Would you print each of the entries below precisely as given?

[Saved data entries]

*** Block opens ***

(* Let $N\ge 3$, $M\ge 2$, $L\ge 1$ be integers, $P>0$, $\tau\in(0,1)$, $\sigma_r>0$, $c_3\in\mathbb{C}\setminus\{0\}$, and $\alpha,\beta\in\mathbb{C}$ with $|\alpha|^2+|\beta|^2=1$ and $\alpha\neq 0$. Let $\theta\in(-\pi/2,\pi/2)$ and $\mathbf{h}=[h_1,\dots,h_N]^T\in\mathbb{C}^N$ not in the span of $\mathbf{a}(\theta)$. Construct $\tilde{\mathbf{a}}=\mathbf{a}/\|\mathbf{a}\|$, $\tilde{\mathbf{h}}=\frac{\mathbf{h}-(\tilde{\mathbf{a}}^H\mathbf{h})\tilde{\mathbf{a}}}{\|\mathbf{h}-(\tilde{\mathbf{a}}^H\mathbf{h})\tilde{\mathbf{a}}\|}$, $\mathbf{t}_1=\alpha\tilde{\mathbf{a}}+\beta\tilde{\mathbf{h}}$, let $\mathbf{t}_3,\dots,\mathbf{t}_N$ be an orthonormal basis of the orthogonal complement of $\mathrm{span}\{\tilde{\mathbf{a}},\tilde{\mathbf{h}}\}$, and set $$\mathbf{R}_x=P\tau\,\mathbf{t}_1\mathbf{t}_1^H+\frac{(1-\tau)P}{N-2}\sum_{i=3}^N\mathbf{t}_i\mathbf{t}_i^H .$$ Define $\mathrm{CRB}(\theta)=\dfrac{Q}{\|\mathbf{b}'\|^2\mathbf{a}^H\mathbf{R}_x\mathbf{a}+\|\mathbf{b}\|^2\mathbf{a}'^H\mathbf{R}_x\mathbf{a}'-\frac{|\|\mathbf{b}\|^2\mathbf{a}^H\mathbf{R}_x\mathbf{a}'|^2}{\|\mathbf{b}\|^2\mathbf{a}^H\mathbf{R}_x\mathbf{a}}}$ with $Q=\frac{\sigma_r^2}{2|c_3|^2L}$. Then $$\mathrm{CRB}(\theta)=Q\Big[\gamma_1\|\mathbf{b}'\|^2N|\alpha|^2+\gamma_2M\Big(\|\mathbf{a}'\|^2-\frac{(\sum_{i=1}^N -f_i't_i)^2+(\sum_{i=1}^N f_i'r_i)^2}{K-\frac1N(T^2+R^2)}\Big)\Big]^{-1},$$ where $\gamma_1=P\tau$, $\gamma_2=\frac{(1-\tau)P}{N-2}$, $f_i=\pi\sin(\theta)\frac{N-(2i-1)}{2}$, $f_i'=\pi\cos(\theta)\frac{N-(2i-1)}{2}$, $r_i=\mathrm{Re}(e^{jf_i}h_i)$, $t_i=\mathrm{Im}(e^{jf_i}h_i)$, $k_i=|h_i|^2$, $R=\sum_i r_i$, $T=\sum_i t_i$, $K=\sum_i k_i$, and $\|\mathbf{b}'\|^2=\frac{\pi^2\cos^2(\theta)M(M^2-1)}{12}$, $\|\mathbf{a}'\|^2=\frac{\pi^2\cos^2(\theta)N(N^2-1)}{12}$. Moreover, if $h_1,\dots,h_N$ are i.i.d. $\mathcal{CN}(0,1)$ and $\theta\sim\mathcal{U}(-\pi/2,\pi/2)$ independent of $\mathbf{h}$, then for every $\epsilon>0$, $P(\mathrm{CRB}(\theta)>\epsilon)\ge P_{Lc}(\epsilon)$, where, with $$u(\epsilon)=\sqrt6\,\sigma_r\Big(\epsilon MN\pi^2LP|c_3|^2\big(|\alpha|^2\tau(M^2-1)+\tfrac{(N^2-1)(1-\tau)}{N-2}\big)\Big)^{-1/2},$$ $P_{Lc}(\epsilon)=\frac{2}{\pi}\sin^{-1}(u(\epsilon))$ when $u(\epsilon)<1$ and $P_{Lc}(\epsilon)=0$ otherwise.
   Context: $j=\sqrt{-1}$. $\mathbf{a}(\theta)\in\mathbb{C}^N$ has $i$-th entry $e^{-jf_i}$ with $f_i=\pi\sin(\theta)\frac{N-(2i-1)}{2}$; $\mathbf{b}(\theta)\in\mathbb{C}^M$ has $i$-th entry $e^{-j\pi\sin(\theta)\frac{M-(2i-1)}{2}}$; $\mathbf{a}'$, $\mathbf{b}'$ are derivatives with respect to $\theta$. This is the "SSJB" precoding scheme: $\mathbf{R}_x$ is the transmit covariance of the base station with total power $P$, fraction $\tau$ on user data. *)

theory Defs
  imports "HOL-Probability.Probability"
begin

*** Block closes ***

» **OUTPUT FOR THIS TASK**:
(* Let $N\ge 3$, $M\ge 2$, $L\ge 1$ be integers, $P>0$, $\tau\in(0,1)$, $\sigma_r>0$, $c_3\in\mathbb{C}\setminus\{0\}$, and $\alpha,\beta\in\mathbb{C}$ with $|\alpha|^2+|\beta|^2=1$ and $\alpha\neq 0$. Let $\theta\in(-\pi/2,\pi/2)$ and $\mathbf{h}=[h_1,\dots,h_N]^T\in\mathbb{C}^N$ not in the span of $\mathbf{a}(\theta)$. Construct $\tilde{\mathbf{a}}=\mathbf{a}/\|\mathbf{a}\|$, $\tilde{\mathbf{h}}=\frac{\mathbf{h}-(\tilde{\mathbf{a}}^H\mathbf{h})\tilde{\mathbf{a}}}{\|\mathbf{h}-(\tilde{\mathbf{a}}^H\mathbf{h})\tilde{\mathbf{a}}\|}$, $\mathbf{t}_1=\alpha\tilde{\mathbf{a}}+\beta\tilde{\mathbf{h}}$, let $\mathbf{t}_3,\dots,\mathbf{t}_N$ be an orthonormal basis of the orthogonal complement of $\mathrm{span}\{\tilde{\mathbf{a}},\tilde{\mathbf{h}}\}$, and set $$\mathbf{R}_x=P\tau\,\mathbf{t}_1\mathbf{t}_1^H+\frac{(1-\tau)P}{N-2}\sum_{i=3}^N\mathbf{t}_i\mathbf{t}_i^H .$$ Define $\mathrm{CRB}(\theta)=\dfrac{Q}{\|\mathbf{b}'\|^2\mathbf{a}^H\mathbf{R}_x\mathbf{a}+\|\mathbf{b}\|^2\mathbf{a}'^H\mathbf{R}_x\mathbf{a}'-\frac{|\|\mathbf{b}\|^2\mathbf{a}^H\mathbf{R}_x\mathbf{a}'|^2}{\|\mathbf{b}\|^2\mathbf{a}^H\mathbf{R}_x\mathbf{a}}}$ with $Q=\frac{\sigma_r^2}{2|c_3|^2L}$. Then $$\mathrm{CRB}(\theta)=Q\Big[\gamma_1\|\mathbf{b}'\|^2N|\alpha|^2+\gamma_2M\Big(\|\mathbf{a}'\|^2-\frac{(\sum_{i=1}^N -f_i't_i)^2+(\sum_{i=1}^N f_i'r_i)^2}{K-\frac1N(T^2+R^2)}\Big)\Big]^{-1},$$ where $\gamma_1=P\tau$, $\gamma_2=\frac{(1-\tau)P}{N-2}$, $f_i=\pi\sin(\theta)\frac{N-(2i-1)}{2}$, $f_i'=\pi\cos(\theta)\frac{N-(2i-1)}{2}$, $r_i=\mathrm{Re}(e^{jf_i}h_i)$, $t_i=\mathrm{Im}(e^{jf_i}h_i)$, $k_i=|h_i|^2$, $R=\sum_i r_i$, $T=\sum_i t_i$, $K=\sum_i k_i$, and $\|\mathbf{b}'\|^2=\frac{\pi^2\cos^2(\theta)M(M^2-1)}{12}$, $\|\mathbf{a}'\|^2=\frac{\pi^2\cos^2(\theta)N(N^2-1)}{12}$. Moreover, if $h_1,\dots,h_N$ are i.i.d. $\mathcal{CN}(0,1)$ and $\theta\sim\mathcal{U}(-\pi/2,\pi/2)$ independent of $\mathbf{h}$, then for every $\epsilon>0$, $P(\mathrm{CRB}(\theta)>\epsilon)\ge P_{Lc}(\epsilon)$, where, with $$u(\epsilon)=\sqrt6\,\sigma_r\Big(\epsilon MN\pi^2LP|c_3|^2\big(|\alpha|^2\tau(M^2-1)+\tfrac{(N^2-1)(1-\tau)}{N-2}\big)\Big)^{-1/2},$$ $P_{Lc}(\epsilon)=\frac{2}{\pi}\sin^{-1}(u(\epsilon))$ when $u(\epsilon)<1$ and $P_{Lc}(\epsilon)=0$ otherwise.
   Context: $j=\sqrt{-1}$. $\mathbf{a}(\theta)\in\mathbb{C}^N$ has $i$-th entry $e^{-jf_i}$ with $f_i=\pi\sin(\theta)\frac{N-(2i-1)}{2}$; $\mathbf{b}(\theta)\in\mathbb{C}^M$ has $i$-th entry $e^{-j\pi\sin(\theta)\frac{M-(2i-1)}{2}}$; $\mathbf{a}'$, $\mathbf{b}'$ are derivatives with respect to $\theta$. This is the "SSJB" precoding scheme: $\mathbf{R}_x$ is the transmit covariance of the base station with total power $P$, fraction $\tau$ on user data. *)

theory Defs
  imports "HOL-Probability.Probability"
begin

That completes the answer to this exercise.